Stanislas Guérini veut réformer la fonction publique pour contrer le « statu quo » : un argument hasardeux

POLITIQUE - À peine esquissée, déjà conspuée. Avec plusieurs mois de retard sur le calendrier initial, le gouvernement a lancé début avril une nouvelle concertation pour réformer la fonction publique d’ici l’automne. Ce mercredi 10, le ministre de la Fonction publique Stanislas Guérini est venu en défendre l’utilité sur France Inter, n’hésitant pas à invoquer l’esprit de la Déclaration des droits de l’Homme et du Citoyen pour le faire.

Au programme dans cette réforme : accentuer la rémunération au mérite des fonctionnaires, suppression des catégories A,B et C, faciliter les mutations d’une branche à l’autre de la fonction publique (État, collectivités, hôpitaux) mais aussi et surtout « lever le tabou du licenciement », selon les déclarations du ministre au Parisien le 9 avril.

Cette déclaration a immédiatement provoqué un tollé, que Stanislas Guérini a tenté d'éteindre sur France Inter ce mercredi. « Le statut de la fonction publique, c’est la garantie de l’emploi. Je ne souhaite pas le remettre en cause », a-t-il déclaré, assurant qu’il n’était pas question de créer des « licenciements économique ».

Il a cependant insisté sur la nécessité d’une réforme. « La fonction publique ce n’est pas une entreprise privée. C’est un statut de la fonction publique. Je pense qu’il faut le préserver. (...) Est-ce que ça veut dire qu’il ne faut rien bouger ? Est-ce que ça veut dire que le statut doit être le statu quo ? Je ne pense pas », fait-il valoir. Avant d’évoquer, sur le sujet du licenciement, deux motifs possibles aujourd’hui dans le secteur mais très peu appliqués car « mal défini » selon lui : « l’insuffisance professionnelle », évoquée dans 13 procédures en 2022 et « la révocation pour faute », utilisée 222 fois.
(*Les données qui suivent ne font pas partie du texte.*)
lemma kuhn_maximum:
  assumes adjE: "\<forall>x. set (adj x) = {q \<in> set Q. E x q}"
  shows "distinct ps \<Longrightarrow> set ps \<inter> A = {} \<Longrightarrow> mate_inv adj A mt
    \<Longrightarrow> matched_count Q mt = max_matching E A (set Q)
    \<Longrightarrow> matched_count Q (kuhn adj Q mt ps) = max_matching E (A \<union> set ps) (set Q)"
proof (induction ps arbitrary: A mt)
  case (Cons p ps)
  define mt' where "mt' = fst (snd (aug (Suc (length Q)) adj mt (\<lambda>_. False) p (adj p)))"
  have "mate_inv adj (insert p A) mt' \<and> matched_count Q mt' = max_matching E (insert p A) (set Q)"
    using Cons.prems by (intro kuhn_phase[OF adjE _ _ _ mt'_def]) auto
  hence "matched_count Q (kuhn adj Q mt' ps) = max_matching E (insert p A \<union> set ps) (set Q)"
    using Cons.IH[of "insert p A" mt'] Cons.prems(1,2) by simp
  thus ?case unfolding mt'_def by simp
qed simp

lemma matching_size_alg_correct:
  assumes "distinct P" "distinct Q"
  shows "matching_size_alg th n1 n2 P Q = max_matching (\<lambda>p q. th (n1 p) (n2 q)) (set P) (set Q)"
proof -
  define adj where "adj = adj_of th n1 n2 Q"
  define E where "E = (\<lambda>p q. th (n1 p) (n2 q))"
  define mt where "mt = kuhn adj Q (\<lambda>_. None) P"
  have adjE: "\<forall>x. set (adj x) = {q \<in> set Q. E x q}" unfolding adj_def adj_of_def E_def by auto
  have start: "mate_inv adj {} (\<lambda>_. None)" unfolding mate_inv_def mates_adjacent_def by simp
  have "matched_count Q mt = max_matching E ({} \<union> set P) (set Q)" unfolding mt_def
    using kuhn_maximum[OF adjE assms(1) _ start] by (simp add: matched_count_def max_matching_no_left)
  moreover have "length (filter (\<lambda>q. mt q \<noteq> None) Q) = matched_count Q mt"
    unfolding matched_count_def using distinct_card[OF distinct_filter[OF assms(2)]]
    by (simp add: dom_def Int_def)
  ultimately show ?thesis unfolding matching_size_alg_def Let_def adj_def E_def mt_def by simp
qed
definition assemblage :: "(bool \<Rightarrow> bool \<Rightarrow> ('n::finite) op) \<Rightarrow> bool" where
  "assemblage \<sigma> \<longleftrightarrow> (\<forall>b x. psd (\<sigma> b x)) \<and>
     (\<forall>x. density (\<Sum>b\<in>UNIV. \<sigma> b x)) \<and>
     (\<forall>x x'. (\<Sum>b\<in>UNIV. \<sigma> b x) = (\<Sum>b\<in>UNIV. \<sigma> b x'))"

definition bell_behavior :: "(bool \<Rightarrow> 'c::finite \<Rightarrow> bool \<Rightarrow> 'z::finite \<Rightarrow> real) \<Rightarrow> bool" where
  "bell_behavior P \<longleftrightarrow> (\<forall>b c x z. P b c x z \<ge> 0) \<and>
     (\<forall>x z. (\<Sum>b\<in>UNIV. \<Sum>c\<in>UNIV. P b c x z) = 1) \<and>
     (\<forall>b x z z'. (\<Sum>c\<in>UNIV. P b c x z) = (\<Sum>c\<in>UNIV. P b c x z')) \<and>
     (\<forall>c x x' z. (\<Sum>b\<in>UNIV. P b c x z) = (\<Sum>b\<in>UNIV. P b c x' z))"

definition initial_assemblage ::
  "(bool \<Rightarrow> bool \<Rightarrow> 'n op) \<Rightarrow> bool \<Rightarrow> bool \<Rightarrow> bool \<Rightarrow> bool \<Rightarrow> 'n op" where
  "initial_assemblage \<sigma> a b x y = op_scale (1/2) (\<sigma> b (x \<oplus>\<^sub>2 a \<oplus>\<^sub>2 y))"

definition initial_behavior ::
  "(bool \<Rightarrow> 'c \<Rightarrow> bool \<Rightarrow> 'z \<Rightarrow> real) \<Rightarrow> bool \<Rightarrow> bool \<Rightarrow> 'c \<Rightarrow> bool \<Rightarrow> bool \<Rightarrow> 'z \<Rightarrow> real" where
  "initial_behavior P a b c x y z = (1/2) * P b c (x \<oplus>\<^sub>2 a \<oplus>\<^sub>2 y) z"

definition has_LHS_AB_C :: "(bool \<Rightarrow> bool \<Rightarrow> bool \<Rightarrow> bool \<Rightarrow> ('n::finite) op) \<Rightarrow> bool" where
  "has_LHS_AB_C \<sigma> \<longleftrightarrow> (\<exists>(L::nat set) (p::nat \<Rightarrow> real)
        (Pab::nat \<Rightarrow> bool \<Rightarrow> bool \<Rightarrow> bool \<Rightarrow> bool \<Rightarrow> real) (\<rho>::nat \<Rightarrow> 'n op).
      finite L \<and> (\<forall>l\<in>L. p l \<ge> 0) \<and> (\<Sum>l\<in>L. p l) = 1 \<and>
      (\<forall>l\<in>L. \<forall>a b x y. Pab l a b x y \<ge> 0) \<and>
      (\<forall>l\<in>L. \<forall>x y. (\<Sum>a\<in>UNIV. \<Sum>b\<in>UNIV. Pab l a b x y) = 1) \<and>
      (\<forall>l\<in>L. density (\<rho> l)) \<and>
      (\<forall>a b x y. \<sigma> a b x y =
          (\<Sum>l\<in>L. op_scale (complex_of_real (p l * Pab l a b x y)) (\<rho> l))))"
« Les agents publics sont les premiers à me dire qu’ils veulent un système qui soit juste, qui récompense mieux l’engagement, qui puisse justement récompenser le travail et qui au fond soit capable de distinction. Je tire cette inspiration au fond de la Déclaration des droits de l’homme et du citoyen, ce sont des vertus, ce sont des talents », a-t-il souligné.

Le « statu quo » qui n’en est pas un ?

Ces arguments ont cependant été rapidement mis à mal, notamment sur l’absence d’évolution présumée et sur le « statu quo » dans le régime de la fonction publique. En 2019 notamment, le gouvernement d’Édouard Philippe avait déjà porté une loi de « transformation » de la fonction publique, actant notamment la suppression de l’ENA et toujours décriée par les syndicats.

En parallèle, de multiples décrets portant sur des modifications très précises ont aussi été publiés. En 2019, dans son ouvrage Le statut de la fonction publique : protection ou immobilisme ? , le professeur de droit public Antony Taillefait estimait déjà à 300 le nombre de modifications des statuts enregistrés depuis 1986. Une estimation à revoir obligatoirement à la hausse puisqu’en août 2022 un décret a été publié sur l’organisation des carrières des fonctionnaires de la catégorie B ; puis un autre fin décembre 2023 sur l’assouplissement du mécanisme de promotion interne des agents des collectivités territoriales selon une rapide recherche non exhaustive.

En parallèle, les oppositions, comme vous pouvez le voir dans la vidéo en tête d’article, ont raillé les propos du ministre sur les licenciements pour insuffisance professionnelle. « Pour ma part, je veux qu’on lève le tabou de l’incompétence de ce gouvernement », a ironisé la députée LFI Clémentine Autain sur X, quand Olivier Marleix, président du groupe LR à l’Assemblée, demandait « sans malice » sur franceinfo « est-ce que cela vaudra pour les ministres incompétents ? », en référence à la gestion budgétaire de Bruno Le Maire critiquée par la droite.